12 pack with dinner. Living by yourself is awesome.
Today was the day I stopped kidding myself and started buying the handle of vodka.
becoming an adult blows. i don't think its possible for me to wake up for anything that doesn't involve kegs and eggs or half naked bums passed out in our yard.
Chalk up having sex in a car wash.
Restaurants Roasting People Who Gave Them Negative Yelp Reviews (25 Pics)
So as your former husband, I get to give you away at the wedding right?
I thought I was smashed last night but the girl trying to pee in the fridge had me beat. True story.
Yea not today, I ending up taking a shit behind a tree last night.
Like an undercooked grilled cheese that got cold again.

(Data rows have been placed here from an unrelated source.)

text \<open>
  From \<open>r(2n) = r(n)\<close> and \<open>r(2n+1) = r(n) + [n odd]\<close>, the values of \<open>d(t,\<cdot>)\<close> on the even and
  on the odd numbers are those of \<open>d(s,\<cdot>)\<close> or \<open>d(s+1,\<cdot>)\<close>, where \<open>t \<in> {2s, 2s+1}\<close>, plus a shift
  by \<open>-1\<close>, \<open>0\<close> or \<open>1\<close>. Splitting sets into even and odd parts, all densities therefore exist, and each of
  \<open>a\<^sub>t, b\<^sub>t\<close> is the average of a shifted \<open>a\<^sub>s\<close> and a shifted \<open>b\<^sub>s\<close> (resp. \<open>s+1\<close>); these are
  exactly the rows of \<open>D\<^sub>0\<close> and \<open>D\<^sub>1\<close>. So every entry of \<open>X\<^sub>t\<close> compares the Gaussian carrying the
  mean and variance of such a two-point mixture with the mixture of the two Gaussians. Both sides have the
  same first two moments, hence differ by \<open>O(\<bar>\<theta>\<bar>\<^sup>3)\<close>, uniformly as long as the two components have
  boundedly different means and variances. This holds since \<open>a\<^sub>s, b\<^sub>s\<close> have means \<open>\<plusminus>[s odd]/2\<close> and
  the average variance satisfies a contracting recursion.
\<close>

section \<open>Binary recursion of the block counting function\<close>

lemma binary_induct [case_names 0 1 double double_Suc]:
  assumes "P 0" "P 1" "\<And>j. 0 < j \<Longrightarrow> P j \<Longrightarrow> P (2*j)"
    "\<And>j. 0 < j \<Longrightarrow> P j \<Longrightarrow> P (j+1) \<Longrightarrow> P (2*j+1)"
  shows "P (t::nat)"
proof (induction t rule: less_induct)
  case (less t)
  consider "t = 0" | "t = 1" | j where "t = 2*j" "0 < j" | j where "t = 2*j+1" "0 < j"
    by (metis evenE oddE gr0I mult_0_right add_0)
  then show ?case
    by cases (use assms less.IH in auto)
qed
(* Let $N$ be a natural number, and let $\mathcal{T}_N$ be the class of all finite reflexive graphs $G$ whose vertex set can be written as a disjoint union $G_e\cup G_c\cup G_f$ such that: the graph induced on $G_e$ is empty; the graph induced on $G_c$ is complete; $|G_f|\le N$; and the connections between $G_e$ and $G_c$ are uniform, i.e. for all $x,y\in G_e$ and all $z,t\in G_c$, $x$ is adjacent to $z$ if and only if $y$ is adjacent to $t$. Then $\mathcal{T}_N$ is well quasi-ordered under both the standard and the strong homomorphic image orderings.
   Context: A graph is a digraph (set with binary relation $E$) whose edge relation is symmetric; a reflexive graph has a loop at every vertex. Empty means no edges between distinct vertices; complete means all pairs of distinct vertices are adjacent. A homomorphism maps edges to edges (in reflexive graphs, an edge or a non-edge may be collapsed to a single vertex); it is strong if additionally every edge of the target among vertices of the image is the image of an edge. Standard homomorphic image ordering: $A\preceq B$ iff there is a surjective homomorphism $B\to A$; strong: iff there is a surjective strong homomorphism $B\to A$. Well quasi-ordered means no infinite strictly decreasing sequence and no infinite antichain; structures considered up to isomorphism. *)

theory Defs
  imports Main
begin

text \<open>A graph is a pair (V, E): a vertex set V and a binary relation E; only the
  values of E on V matter. Finite graphs can be taken, up to isomorphism, on
  natural-number vertices.\<close>

type_synonym graph = "nat set \<times> (nat \<Rightarrow> nat \<Rightarrow> bool)"

definition verts :: "graph \<Rightarrow> nat set" where "verts G = fst G"
definition adj :: "graph \<Rightarrow> nat \<Rightarrow> nat \<Rightarrow> bool" where "adj G = snd G"

definition finite_refl_graph :: "graph \<Rightarrow> bool" where
  "finite_refl_graph G \<longleftrightarrow> finite (verts G)
     \<and> (\<forall>x\<in>verts G. \<forall>y\<in>verts G. adj G x y \<longrightarrow> adj G y x)
     \<and> (\<forall>x\<in>verts G. adj G x x)"

definition hom :: "(nat \<Rightarrow> nat) \<Rightarrow> graph \<Rightarrow> graph \<Rightarrow> bool" where
  "hom f G H \<longleftrightarrow> (\<forall>x\<in>verts G. f x \<in> verts H)
     \<and> (\<forall>x\<in>verts G. \<forall>y\<in>verts G. adj G x y \<longrightarrow> adj H (f x) (f y))"

definition strong_hom :: "(nat \<Rightarrow> nat) \<Rightarrow> graph \<Rightarrow> graph \<Rightarrow> bool" where
  "strong_hom f G H \<longleftrightarrow> hom f G H
     \<and> (\<forall>u\<in>f ` verts G. \<forall>v\<in>f ` verts G. adj H u v \<longrightarrow>
          (\<exists>x\<in>verts G. \<exists>y\<in>verts G. f x = u \<and> f y = v \<and> adj G x y))"

definition hom_image_le :: "graph \<Rightarrow> graph \<Rightarrow> bool" where
  "hom_image_le A B \<longleftrightarrow> (\<exists>f. hom f B A \<and> f ` verts B = verts A)"

definition strong_hom_image_le :: "graph \<Rightarrow> graph \<Rightarrow> bool" where
  "strong_hom_image_le A B \<longleftrightarrow> (\<exists>f. strong_hom f B A \<and> f ` verts B = verts A)"

definition well_quasi_ordered_on :: "('b \<Rightarrow> 'b \<Rightarrow> bool) \<Rightarrow> 'b set \<Rightarrow> bool" where
  "well_quasi_ordered_on le S \<longleftrightarrow>
     (\<not> (\<exists>g::nat \<Rightarrow> 'b. (\<forall>i. g i \<in> S) \<and> (\<forall>i. le (g (Suc i)) (g i) \<and> \<not> le (g i) (g (Suc i)))))
   \<and> (\<not> (\<exists>g::nat \<Rightarrow> 'b. (\<forall>i. g i \<in> S) \<and> (\<forall>i j::nat. i \<noteq> j \<longrightarrow> \<not> le (g i) (g j))))"

definition T_class :: "nat \<Rightarrow> graph set" where
  "T_class N = {G. finite_refl_graph G \<and>
     (\<exists>Ge Gc Gf. verts G = Ge \<union> Gc \<union> Gf
        \<and> Ge \<inter> Gc = {} \<and> Ge \<inter> Gf = {} \<and> Gc \<inter> Gf = {}
        \<and> (\<forall>x\<in>Ge. \<forall>y\<in>Ge. x \<noteq> y \<longrightarrow> \<not> adj G x y)
        \<and> (\<forall>x\<in>Gc. \<forall>y\<in>Gc. x \<noteq> y \<longrightarrow> adj G x y)
        \<and> card Gf \<le> N
        \<and> (\<forall>x\<in>Ge. \<forall>y\<in>Ge. \<forall>z\<in>Gc. \<forall>t\<in>Gc. adj G x z \<longleftrightarrow> adj G y t))}"

end

theory Submission
  imports Defs "HOL-Library.Infinite_Set"
begin

(* Every graph in T_N admits a labelling by a finite alphabet depending only on N -- a vertex
   of G_f by its index, a vertex of G_e or G_c by its side and its neighbourhood in G_f -- such
   that adjacency of distinct vertices is a relation between their labels.  If two graphs carry
   the same set of labels and the same label relation, and the second has at least as many
   vertices of every label, then mapping each label class onto the corresponding one is a
   surjective strong homomorphism (collapsed vertices are absorbed by the loops).  Dickson's
   lemma on the label counts therefore excludes infinite antichains.

   Strictly descending chains do not exist among any finite graphs: a surjective homomorphism
   that is not inverted by a strong one either loses vertices or, being bijective, gains edges,
   so (number of vertices, number of non-edges) decreases lexicographically. *)

lemma infinite_subset_mono:
  fixes h :: "nat \<Rightarrow> 'b::wellorder"
  assumes "infinite I"
  shows "\<exists>J\<subseteq>I. infinite J \<and> (\<forall>i\<in>J. \<forall>j\<in>J. i < j \<longrightarrow> h i \<le> h j)"
proof -
  \<comment> \<open>A minimiser of h on the part of I beyond n lies in J, so J is unbounded.\<close>
  define J where "J = {i\<in>I. \<forall>j\<in>I. i < j \<longrightarrow> h i \<le> h j}"
  have "\<exists>i\<in>J. n \<le> i" for n
  proof -
    define S where "S = {i\<in>I. n \<le> i}"
    have "S \<noteq> {}" using assms unfolding S_def infinite_nat_iff_unbounded_le by blast
    then obtain i where i: "i \<in> S" "h i = (LEAST v. v \<in> h ` S)"
      by (metis (mono_tags, lifting) LeastI empty_is_image ex_in_conv imageE)
    have "h i \<le> h j" if "j \<in> I" "i < j" for j
      using that i by (auto simp: S_def intro: Least_le)
    with i show ?thesis by (auto simp: J_def S_def)
  qed
  then have "infinite J" by (auto simp: infinite_nat_iff_unbounded_le)
  moreover have "J \<subseteq> I" by (simp add: J_def)
  ultimately show ?thesis unfolding J_def by blast
qed
lemma no_positive_interior_min:
  assumes lr: "0 < l" "l < e" "e < r" "r < 1" and pos: "y e > 0"
    and min: "\<forall>z\<in>{l..r}. y e \<le> y z"
  shows False
proof -
  have e: "e \<in> {0<..<1}"
    using lr by auto
  have "\<phi> e / e = 0"
    using min lr by (intro DERIV_local_min[OF y_has_derivative[OF e], of "min (e - l) (r - e)"])
      (auto simp: abs_if)
  then have crit: "\<phi> e = 0"
    using e by simp
  obtain d where d: "d > 0" "\<forall>h>0. h < d \<longrightarrow> \<phi> (e + h) < \<phi> e"
    using DERIV_neg_dec_right[OF phi_has_derivative[OF e]
        phi_derivative_neg_at_positive_critical[OF e crit pos]] by blast
  define h where "h = min (d / 2) ((r - e) / 2)"
  have h: "0 < h" "h < d" "e + h < r"
    using d lr by (auto simp: h_def min_def field_simps)
  have "y (e + h) < y e"
  proof (rule DERIV_neg_imp_decreasing_open[of e "e + h" y])
    fix x assume "e < x" "x < e + h"
    then show "\<exists>z. (y has_real_derivative z) (at x) \<and> z < 0"
      using d(2)[rule_format, of "x - e"] crit h lr y_has_derivative[of x]
      by (auto intro!: exI divide_neg_pos)
  qed (use h lr in \<open>auto intro: y_continuous_on\<close>)
  moreover have "y e \<le> y (e + h)"
    using min h lr by auto
  ultimately show False
    by simp
qed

But hairy.
And there goes my desire for sandwiches. Forever.
THEY HAVE BEEN GOING AT IT FOR 2 HOURS AND I HEAR THEM BANGING THIS IS BULLSHIT
Woman Posts Harassing DMs From Creep Online, Now He’s Upset Because People Told His Mom
STOP PUTTING BUTTER ON MY FUCKING CAT
just had sex in the back of my high school auditorium #dreamcumtrue
This is the best 30th birthday ever. In a Motel 6 drinking a shower beer and sending slow-mo dick helicopter videos to you.
You tried to chase every shot with a blueberry.
I feel like your boyfriend deserves to know that you're a lesbian.
Sexual side note: sushi and cum do not mix well. That is all.